▶ [Directions for this task] Write out the entries below exactly. End with the line that contains "v) = (\<beta>".

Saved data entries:
-------
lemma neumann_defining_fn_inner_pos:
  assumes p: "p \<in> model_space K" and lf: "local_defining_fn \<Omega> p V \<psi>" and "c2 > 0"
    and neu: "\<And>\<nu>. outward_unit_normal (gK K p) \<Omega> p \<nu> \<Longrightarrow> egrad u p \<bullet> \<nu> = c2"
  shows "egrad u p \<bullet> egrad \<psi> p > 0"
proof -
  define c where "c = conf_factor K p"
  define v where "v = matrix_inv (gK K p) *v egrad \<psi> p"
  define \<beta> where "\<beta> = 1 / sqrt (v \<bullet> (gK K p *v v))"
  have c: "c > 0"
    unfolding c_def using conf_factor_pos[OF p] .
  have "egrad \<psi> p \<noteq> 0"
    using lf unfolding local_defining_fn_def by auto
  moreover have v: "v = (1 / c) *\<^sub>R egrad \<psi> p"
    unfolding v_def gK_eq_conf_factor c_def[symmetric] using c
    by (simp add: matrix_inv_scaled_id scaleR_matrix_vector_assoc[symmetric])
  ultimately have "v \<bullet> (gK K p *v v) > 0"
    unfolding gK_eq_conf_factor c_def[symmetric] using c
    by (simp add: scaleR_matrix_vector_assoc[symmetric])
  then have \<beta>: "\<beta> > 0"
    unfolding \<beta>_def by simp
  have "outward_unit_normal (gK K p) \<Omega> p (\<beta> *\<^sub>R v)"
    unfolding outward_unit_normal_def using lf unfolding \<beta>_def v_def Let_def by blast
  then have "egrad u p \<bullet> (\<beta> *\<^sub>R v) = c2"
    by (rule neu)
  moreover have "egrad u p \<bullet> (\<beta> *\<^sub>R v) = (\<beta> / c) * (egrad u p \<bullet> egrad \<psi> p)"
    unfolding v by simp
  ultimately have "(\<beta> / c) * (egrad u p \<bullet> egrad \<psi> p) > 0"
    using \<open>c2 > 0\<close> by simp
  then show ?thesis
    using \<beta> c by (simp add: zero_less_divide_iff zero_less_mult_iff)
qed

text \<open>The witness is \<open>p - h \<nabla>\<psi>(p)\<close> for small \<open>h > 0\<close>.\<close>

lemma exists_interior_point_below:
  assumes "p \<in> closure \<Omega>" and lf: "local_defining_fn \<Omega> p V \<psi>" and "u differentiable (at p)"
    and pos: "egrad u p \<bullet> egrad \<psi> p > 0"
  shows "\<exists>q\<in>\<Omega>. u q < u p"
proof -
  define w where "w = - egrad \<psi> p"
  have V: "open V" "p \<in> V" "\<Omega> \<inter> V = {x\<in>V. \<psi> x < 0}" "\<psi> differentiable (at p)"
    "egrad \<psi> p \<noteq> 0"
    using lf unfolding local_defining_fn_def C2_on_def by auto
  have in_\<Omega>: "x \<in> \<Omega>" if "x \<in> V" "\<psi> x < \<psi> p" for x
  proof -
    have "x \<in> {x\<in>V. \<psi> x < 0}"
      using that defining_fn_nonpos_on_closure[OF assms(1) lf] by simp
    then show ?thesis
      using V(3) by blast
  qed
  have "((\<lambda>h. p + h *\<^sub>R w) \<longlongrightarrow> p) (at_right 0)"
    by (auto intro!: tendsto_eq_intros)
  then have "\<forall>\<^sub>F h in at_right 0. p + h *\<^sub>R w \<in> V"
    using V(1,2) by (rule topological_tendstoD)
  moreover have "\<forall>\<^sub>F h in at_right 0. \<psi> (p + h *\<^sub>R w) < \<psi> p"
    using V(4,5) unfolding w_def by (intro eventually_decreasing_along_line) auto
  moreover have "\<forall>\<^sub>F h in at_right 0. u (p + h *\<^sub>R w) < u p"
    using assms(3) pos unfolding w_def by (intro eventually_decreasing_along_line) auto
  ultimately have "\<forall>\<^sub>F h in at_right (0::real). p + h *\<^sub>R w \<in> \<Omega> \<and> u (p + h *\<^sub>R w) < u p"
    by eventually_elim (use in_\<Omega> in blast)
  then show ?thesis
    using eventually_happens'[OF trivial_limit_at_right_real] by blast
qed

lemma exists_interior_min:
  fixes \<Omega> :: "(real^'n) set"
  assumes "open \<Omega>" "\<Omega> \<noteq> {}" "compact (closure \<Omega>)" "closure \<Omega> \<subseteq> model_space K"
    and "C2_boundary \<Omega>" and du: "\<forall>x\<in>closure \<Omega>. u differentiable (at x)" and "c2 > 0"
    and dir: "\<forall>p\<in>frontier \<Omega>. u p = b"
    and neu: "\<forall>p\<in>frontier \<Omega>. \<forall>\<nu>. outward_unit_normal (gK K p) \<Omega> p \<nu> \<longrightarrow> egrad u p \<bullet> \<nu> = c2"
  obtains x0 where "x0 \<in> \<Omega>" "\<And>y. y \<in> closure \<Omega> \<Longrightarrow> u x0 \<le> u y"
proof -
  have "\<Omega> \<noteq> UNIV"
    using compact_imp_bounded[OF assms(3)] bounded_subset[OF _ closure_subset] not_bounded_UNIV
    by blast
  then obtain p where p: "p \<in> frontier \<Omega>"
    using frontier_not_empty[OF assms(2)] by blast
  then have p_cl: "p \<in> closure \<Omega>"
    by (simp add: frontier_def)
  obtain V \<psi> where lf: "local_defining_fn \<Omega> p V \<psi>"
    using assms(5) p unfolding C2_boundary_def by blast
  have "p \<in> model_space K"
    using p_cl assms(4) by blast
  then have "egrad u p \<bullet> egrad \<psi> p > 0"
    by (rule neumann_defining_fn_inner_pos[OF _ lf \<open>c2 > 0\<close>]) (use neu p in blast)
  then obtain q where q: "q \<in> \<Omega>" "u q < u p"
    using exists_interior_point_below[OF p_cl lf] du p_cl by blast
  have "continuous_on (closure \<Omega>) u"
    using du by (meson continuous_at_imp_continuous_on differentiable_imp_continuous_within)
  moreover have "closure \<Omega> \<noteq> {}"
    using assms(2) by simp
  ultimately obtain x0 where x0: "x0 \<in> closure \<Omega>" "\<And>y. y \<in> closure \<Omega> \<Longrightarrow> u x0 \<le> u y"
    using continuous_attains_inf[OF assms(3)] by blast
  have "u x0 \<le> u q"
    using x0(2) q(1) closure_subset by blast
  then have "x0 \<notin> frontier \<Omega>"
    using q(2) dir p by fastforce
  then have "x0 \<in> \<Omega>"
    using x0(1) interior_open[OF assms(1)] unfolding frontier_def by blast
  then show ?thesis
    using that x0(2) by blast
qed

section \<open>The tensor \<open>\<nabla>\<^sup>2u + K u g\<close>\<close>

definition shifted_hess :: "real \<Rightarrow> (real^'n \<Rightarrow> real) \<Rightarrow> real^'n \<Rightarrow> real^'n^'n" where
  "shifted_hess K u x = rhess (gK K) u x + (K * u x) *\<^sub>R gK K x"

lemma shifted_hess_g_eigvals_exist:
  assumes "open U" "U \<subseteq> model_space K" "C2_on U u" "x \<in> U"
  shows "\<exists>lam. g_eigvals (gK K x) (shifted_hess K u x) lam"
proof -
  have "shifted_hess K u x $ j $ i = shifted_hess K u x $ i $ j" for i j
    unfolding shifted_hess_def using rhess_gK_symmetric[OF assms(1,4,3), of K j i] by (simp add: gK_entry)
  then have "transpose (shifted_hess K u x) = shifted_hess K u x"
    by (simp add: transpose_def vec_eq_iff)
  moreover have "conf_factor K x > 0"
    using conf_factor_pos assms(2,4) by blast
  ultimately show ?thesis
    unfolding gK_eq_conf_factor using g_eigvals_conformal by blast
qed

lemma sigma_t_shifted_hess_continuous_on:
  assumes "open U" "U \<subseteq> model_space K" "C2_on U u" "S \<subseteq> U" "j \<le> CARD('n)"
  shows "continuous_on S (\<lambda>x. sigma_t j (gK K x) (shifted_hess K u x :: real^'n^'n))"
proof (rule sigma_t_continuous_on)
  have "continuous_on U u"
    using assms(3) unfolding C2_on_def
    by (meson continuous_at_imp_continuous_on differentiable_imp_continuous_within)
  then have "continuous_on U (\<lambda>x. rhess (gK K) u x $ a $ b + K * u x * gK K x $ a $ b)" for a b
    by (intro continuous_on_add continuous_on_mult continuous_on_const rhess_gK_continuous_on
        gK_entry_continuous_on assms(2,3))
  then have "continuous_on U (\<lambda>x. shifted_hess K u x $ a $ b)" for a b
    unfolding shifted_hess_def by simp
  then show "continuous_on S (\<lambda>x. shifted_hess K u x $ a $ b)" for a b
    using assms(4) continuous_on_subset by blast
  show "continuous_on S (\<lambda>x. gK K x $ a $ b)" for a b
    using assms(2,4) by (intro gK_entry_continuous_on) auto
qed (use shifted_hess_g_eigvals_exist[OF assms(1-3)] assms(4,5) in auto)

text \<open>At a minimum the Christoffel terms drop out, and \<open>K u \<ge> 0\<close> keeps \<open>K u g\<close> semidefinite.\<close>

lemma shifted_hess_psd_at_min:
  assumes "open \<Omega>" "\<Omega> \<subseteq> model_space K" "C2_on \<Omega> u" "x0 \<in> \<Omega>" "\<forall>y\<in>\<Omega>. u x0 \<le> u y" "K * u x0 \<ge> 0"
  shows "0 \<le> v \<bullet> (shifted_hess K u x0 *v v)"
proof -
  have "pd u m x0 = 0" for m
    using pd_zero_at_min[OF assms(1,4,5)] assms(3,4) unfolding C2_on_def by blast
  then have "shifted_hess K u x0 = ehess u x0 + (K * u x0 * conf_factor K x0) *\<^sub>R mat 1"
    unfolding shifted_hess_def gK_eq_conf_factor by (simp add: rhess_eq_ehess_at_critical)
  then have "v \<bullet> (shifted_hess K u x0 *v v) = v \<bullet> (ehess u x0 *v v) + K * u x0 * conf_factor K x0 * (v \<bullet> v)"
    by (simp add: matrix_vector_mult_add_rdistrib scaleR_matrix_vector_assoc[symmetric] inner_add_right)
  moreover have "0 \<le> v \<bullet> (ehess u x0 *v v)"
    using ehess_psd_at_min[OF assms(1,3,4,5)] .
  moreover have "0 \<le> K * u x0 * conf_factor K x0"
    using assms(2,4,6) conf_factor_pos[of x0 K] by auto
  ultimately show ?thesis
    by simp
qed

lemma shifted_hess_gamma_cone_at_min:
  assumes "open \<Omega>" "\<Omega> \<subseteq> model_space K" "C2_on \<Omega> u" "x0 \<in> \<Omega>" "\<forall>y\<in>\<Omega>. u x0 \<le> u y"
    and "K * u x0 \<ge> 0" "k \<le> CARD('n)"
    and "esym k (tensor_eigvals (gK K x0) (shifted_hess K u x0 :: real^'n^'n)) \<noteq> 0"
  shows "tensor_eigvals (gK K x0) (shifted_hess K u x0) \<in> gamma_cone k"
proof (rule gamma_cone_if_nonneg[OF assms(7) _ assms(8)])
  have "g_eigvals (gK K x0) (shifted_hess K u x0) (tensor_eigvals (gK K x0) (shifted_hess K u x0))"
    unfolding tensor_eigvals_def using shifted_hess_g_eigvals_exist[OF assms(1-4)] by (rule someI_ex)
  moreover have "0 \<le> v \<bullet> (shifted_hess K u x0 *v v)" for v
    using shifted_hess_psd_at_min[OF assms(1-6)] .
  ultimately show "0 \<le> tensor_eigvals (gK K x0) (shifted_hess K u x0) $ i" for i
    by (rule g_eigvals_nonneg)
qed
-------
▶ [Response]
lemma neumann_defining_fn_inner_pos:
  assumes p: "p \<in> model_space K" and lf: "local_defining_fn \<Omega> p V \<psi>" and "c2 > 0"
    and neu: "\<And>\<nu>. outward_unit_normal (gK K p) \<Omega> p \<nu> \<Longrightarrow> egrad u p \<bullet> \<nu> = c2"
  shows "egrad u p \<bullet> egrad \<psi> p > 0"
proof -
  define c where "c = conf_factor K p"
  define v where "v = matrix_inv (gK K p) *v egrad \<psi> p"
  define \<beta> where "\<beta> = 1 / sqrt (v \<bullet> (gK K p *v v))"
  have c: "c > 0"
    unfolding c_def using conf_factor_pos[OF p] .
  have "egrad \<psi> p \<noteq> 0"
    using lf unfolding local_defining_fn_def by auto
  moreover have v: "v = (1 / c) *\<^sub>R egrad \<psi> p"
    unfolding v_def gK_eq_conf_factor c_def[symmetric] using c
    by (simp add: matrix_inv_scaled_id scaleR_matrix_vector_assoc[symmetric])
  ultimately have "v \<bullet> (gK K p *v v) > 0"
    unfolding gK_eq_conf_factor c_def[symmetric] using c
    by (simp add: scaleR_matrix_vector_assoc[symmetric])
  then have \<beta>: "\<beta> > 0"
    unfolding \<beta>_def by simp
  have "outward_unit_normal (gK K p) \<Omega> p (\<beta> *\<^sub>R v)"
    unfolding outward_unit_normal_def using lf unfolding \<beta>_def v_def Let_def by blast
  then have "egrad u p \<bullet> (\<beta> *\<^sub>R v) = c2"
    by (rule neu)
  moreover have "egrad u p \<bullet> (\<beta> *\<^sub>R v) = (\<beta> / c) * (egrad u p \<bullet> egrad \<psi> p)"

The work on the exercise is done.